指定買取人を指定する場合には、定款に特に定めがない限り、取締役会設置会社においては取締役会決議、それ以外の会社においては株主総会の特別決議によって指定する必要がある(会社140条5項、309条2項1号)。

※2 会社が買い取る場合には、買取額は、売買の効力が生じる日における分配可能額を超えてはならないという財源規制の制約がある(会社461条1項1号・465条1項1号)。財源規制に違反した場合、みなし承認となってしまうと解されるため(※3)、譲渡等承認請求を認めたくない会社としては、最終的な売買価格(会社144条参照)が、分配可能額を超える可能性がある場合には、指定買取人による買取、又は、会社と指定買取人による買取を検討せざるをえなくなる。
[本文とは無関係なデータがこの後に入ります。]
lemma winner_charged:
  assumes i: "i < n" and win: "wins n g h \<pi> i"
    and not_top: "\<not> (g i = g (top_bidder n vv) \<and> (\<forall>k\<in>{..<n}. g k = g (top_bidder n vv) \<longrightarrow> \<pi> k \<le> \<pi> i))"
  shows "\<exists>j\<in>{..<n} - {i}. h j i < g j \<and> (j = top_bidder n vv \<or> charges n vv \<pi> j i)"
proof -
  define i0 where "i0 = top_bidder n vv"
  have i0: "i0 < n" "\<And>k. k < n \<Longrightarrow> g k \<le> g i0"
    unfolding i0_def using top_bidder_spec(1) top_bidder_max g_mono n_pos by auto
  show ?thesis
  proof (cases "i \<noteq> i0 \<and> h i0 i < g i0")
    case True
    then show ?thesis using i0 unfolding i0_def by auto
  next
    case False
    then have "g i0 \<le> g i"
      using win i0(1) unfolding wins_def gt_pi_def by (cases "i = i0") force+
    then have gi: "g i = g i0" using i0(2)[OF i] by simp
    define A where "A = {k\<in>{..<n}. g k = g i \<and> \<pi> i < \<pi> k}"
    have "A \<noteq> {}" using not_top gi unfolding A_def i0_def by (auto simp: not_le)
    then obtain q where "q \<in> A" and q_top: "\<And>k. k \<in> A \<Longrightarrow> k \<noteq> q \<Longrightarrow> ranks_above vv q k"
      using ex_top_ranked[of A vv] unfolding A_def by auto
    then have q: "q < n" "q \<noteq> i" "g q = g i" "\<pi> i < \<pi> q" unfolding A_def by auto
    have "h q i < g q" using win q unfolding wins_def gt_pi_def by force
    moreover have "charges n vv \<pi> q i"
      unfolding charges_def
    proof (intro conjI allI impI)
      fix k assume k: "k < n" "ranks_above vv k q \<and> k \<noteq> i"
      show "\<pi> k < \<pi> i"
      proof (rule ccontr)
        assume "\<not> \<pi> k < \<pi> i"
        then have "\<pi> i < \<pi> k" using inj_\<pi> k i unfolding inj_on_def by (metis lessThan_iff linorder_neqE)
        moreover have "g q \<le> g k" using g_mono[OF q(1) k(1)] k unfolding ranks_above_def by auto
        then have "g k = g i" using i0(2)[OF k(1)] gi q by simp
        ultimately have "ranks_above vv q k"
          using q_top k ranks_above_irrefl unfolding A_def by blast
        then show False using k ranks_above_asym by blast
      qed
    qed (use q in simp)
    ultimately show ?thesis using q by (intro bexI[of _ q]) auto
  qed
qed

lemma sum_winners_le:
  fixes w u :: "nat \<Rightarrow> real"
  assumes w_le: "\<And>i. i < n \<Longrightarrow> w i \<le> 1/8"
    and w_le_u: "\<And>i j. i < n \<Longrightarrow> j < n \<Longrightarrow> i \<noteq> j \<Longrightarrow> w i \<le> u j"
    and u_nonneg: "\<And>j. j < n \<Longrightarrow> 0 \<le> u j"
  shows "(\<Sum>i<n. of_bool (wins n g h \<pi> i) * w i) \<le>
    1/8 + (\<Sum>j<n. \<Sum>i\<in>{..<n} - {j}. of_bool (h j i < g j \<and> (j = top_bidder n vv \<or> charges n vv \<pi> j i)) * u j)"
proof -
  define C where "C j i = of_bool (h j i < g j \<and> (j = top_bidder n vv \<or> charges n vv \<pi> j i)) * u j" for j i
  \<comment> \<open>the only winner that may stay uncharged\<close>
  define T where "T = {i\<in>{..<n}. g i = g (top_bidder n vv) \<and> (\<forall>k\<in>{..<n}. g k = g (top_bidder n vv) \<longrightarrow> \<pi> k \<le> \<pi> i)}"
  have C_nonneg: "0 \<le> C j i" if "j < n" for j i unfolding C_def using u_nonneg[OF that] by simp
  have "of_bool (wins n g h \<pi> i) * w i \<le> of_bool (i \<in> T) * (1/8) + (\<Sum>j\<in>{..<n} - {i}. C j i)"
    if i: "i < n" for i
  proof (cases "wins n g h \<pi> i \<and> i \<notin> T")
    case True
    then obtain j where j: "j \<in> {..<n} - {i}" "C j i = u j"
      using winner_charged[OF i] i unfolding T_def C_def by fastforce
    then have "w i \<le> C j i" using w_le_u i by auto
    also have "\<dots> \<le> (\<Sum>j\<in>{..<n} - {i}. C j i)" using j(1) C_nonneg by (intro member_le_sum) auto
    finally show ?thesis using True by simp
  next
    case False
    have "0 \<le> (\<Sum>j\<in>{..<n} - {i}. C j i)" using C_nonneg by (intro sum_nonneg) auto
    then show ?thesis using False w_le[OF i] by auto
  qed
  then have "(\<Sum>i<n. of_bool (wins n g h \<pi> i) * w i)
      \<le> (\<Sum>i<n. of_bool (i \<in> T) * (1/8)) + (\<Sum>i<n. \<Sum>j\<in>{..<n} - {i}. C j i)"
    by (subst sum.distrib[symmetric]) (rule sum_mono, simp)
  also have "(\<Sum>i<n. of_bool (i \<in> T) * (1/8 :: real)) = card T / 8"
  proof -
    have "{..<n} \<inter> T = T" unfolding T_def by auto
    then have "(\<Sum>i<n. of_bool (i \<in> T) :: real) = card T" by (simp add: sum_of_bool_eq)
    then show ?thesis by (simp add: sum_divide_distrib[symmetric])
  qed
  also have "(\<Sum>i<n. \<Sum>j\<in>{..<n} - {i}. C j i) = (\<Sum>j<n. \<Sum>i\<in>{..<n} - {j}. C j i)"
    by (rule sum_off_diagonal_swap)
  finally have "(\<Sum>i<n. of_bool (wins n g h \<pi> i) * w i) \<le> card T / 8 + (\<Sum>j<n. \<Sum>i\<in>{..<n} - {j}. C j i)" .
  moreover have "real (card T) \<le> 1"
    using card_argmax_le_1[OF finite_lessThan inj_\<pi>, of "\<lambda>k. g k = g (top_bidder n vv)"]
    unfolding T_def by simp
  ultimately show ?thesis unfolding C_def by linarith
qed

end


section \<open>Truthfulness\<close>

lemma sprof_fun_upd: "s \<in> sprof n S \<Longrightarrow> i < n \<Longrightarrow> x \<in> S i \<Longrightarrow> s(i := x) \<in> sprof n S"
  unfolding sprof_def by (auto simp: PiE_iff extensional_def)

lemma sprof_mem: "s \<in> sprof n S \<Longrightarrow> i < n \<Longrightarrow> s i \<in> S i"
  unfolding sprof_def by auto

lemma valid_vals_pos: "valid_vals n S v \<Longrightarrow> s \<in> sprof n S \<Longrightarrow> j < n \<Longrightarrow> 0 < v j s"
  unfolding valid_vals_def by blast

lemma lowest_bounds:
  assumes v: "valid_vals n S v" and s: "s \<in> sprof n S" and ij: "i < n" "j < n"
  shows "0 \<le> lowest S v i j s" "lowest S v i j s \<le> v j s"
proof -
  have pos: "0 < v j (s(i := x))" if "x \<in> S i" for x
    using valid_vals_pos[OF v sprof_fun_upd[OF s ij(1) that] ij(2)] .
  show "0 \<le> lowest S v i j s" unfolding lowest_def
    using pos sprof_mem[OF s ij(1)] by (intro cINF_greatest) (auto simp: less_imp_le)
  have "bdd_below ((\<lambda>x. v j (s(i := x))) ` S i)"
    using pos by (intro bdd_belowI[of _ 0]) (auto simp: less_imp_le)
  then have "lowest S v i j s \<le> v j (s(i := s i))"
    unfolding lowest_def using sprof_mem[OF s ij(1)] by (rule cINF_lower)
  then show "lowest S v i j s \<le> v j s" by simp
qed

lemma sb_degree_spec:
  assumes v: "valid_vals n S v" and j: "j < n"
  shows "1 \<le> sb_degree n S (v j)" "self_bounding n S (v j) (sb_degree n S (v j))"
proof -
  have "(\<Sum>i<n. v j s - (INF x\<in>S i. v j (s(i := x)))) \<le> real n * v j s" if s: "s \<in> sprof n S" for s
  proof -
    have "(\<Sum>i<n. v j s - lowest S v i j s) \<le> (\<Sum>i<n. v j s)"
      using lowest_bounds(1)[OF v s _ j] by (intro sum_mono) auto
    then show ?thesis unfolding lowest_def by simp
  qed
  then have "n \<in> {1..n} \<and> self_bounding n S (v j) n"
    using j unfolding self_bounding_def by auto
  then have "sb_degree n S (v j) \<in> {1..n} \<and> self_bounding n S (v j) (sb_degree n S (v j))"
    unfolding sb_degree_def by (rule LeastI)
  then show "1 \<le> sb_degree n S (v j)" "self_bounding n S (v j) (sb_degree n S (v j))" by auto
qed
※3 財源規制に違反した株式の取得の有効性については争いがあるところ、無効説を前提にすると、会社法145条3号、会社規則26条3号を類推解釈して、譲渡承認請求について承認をする決定をしたものと見なされると解される(山本爲三郎「会社法コンメンタール3-株式(1)」(2013年、㈱商事法務)400頁)。有効説を前提にした場合でも、当初会社が想定していた買取額は財源規制の範囲内であると考えていたが、後の裁判所による売買価格の決定(会社144条2項乃至4項)によって定められた額が財源規制の範囲を超えていた場合(裁判所の決定する額は、財源規制は及ばないと解される。)、会社は売買代金を支払うことができず、譲渡等承認請求者が会社との間の対象株式に係る売買契約を解除できると解され、解除により、会社が譲渡を承認する旨の決定をしたものと見なされることになる(会社145条3号、会社規則26条3号)(秋吉信彦外「新・類型別会社非訟」131頁)。

 

ア 会社による買取の場合
 会社が買取りをする場合には、一株あたりの純資産額に買取対象株式数を乗じた金額を供託し、供託を証する書面(供託書)を譲渡等承認請求者に対して交付し、更に、会社が買い取る旨等を通知する必要がある(141条1項・2項)。この書面の交付と通知は、会社が承認認拒絶の通知をした日から40日以内に行わないと、承認をする旨の決定をしたものと見なされてしまう(会社145条2号、会社規則26条1号)。

イ 指定買取人による買取の場合
 指定買取人による買取りの場合、会社が買取りをする場合と同様に、指定買取人は、一株あたりの純資産額に買取対象株式数を乗じた金額を供託し、供託を証する書面を譲渡等承認請求者に対して交付し、更に、指定買取人が買い取る旨等を通知する必要がある。この書面の交付を、会社が承認認拒絶の通知をした日から10日以内に行わないと、承認をする旨の決定をしたものと見なされてしまう(会社145条2号、同条3号・会社規則26条2号)。

4 売買価格の決定
 会社又は指定買取人が、譲渡等承認請求者に対して、買い取る旨の通知することによって売買契約が成立する。そして、会社又は指定買取人と譲渡等承認請求者との間で、売買価格についての協議をすることになる(会社144条1項・7項)。
 しかし、その協議が整わない場合には、いずれかから、買取の通知があった日から20日以内に、裁判所に対して、売買価格の決定の申し立てをすることができる(会社144条2項・7項)。この期間内に申し立てがないと、会社又は指定買取人が供託すべき額(一株あたりの純資産額に買取対象株式数を乗じた金額)が売買価格となる(会社144条5項・7項)。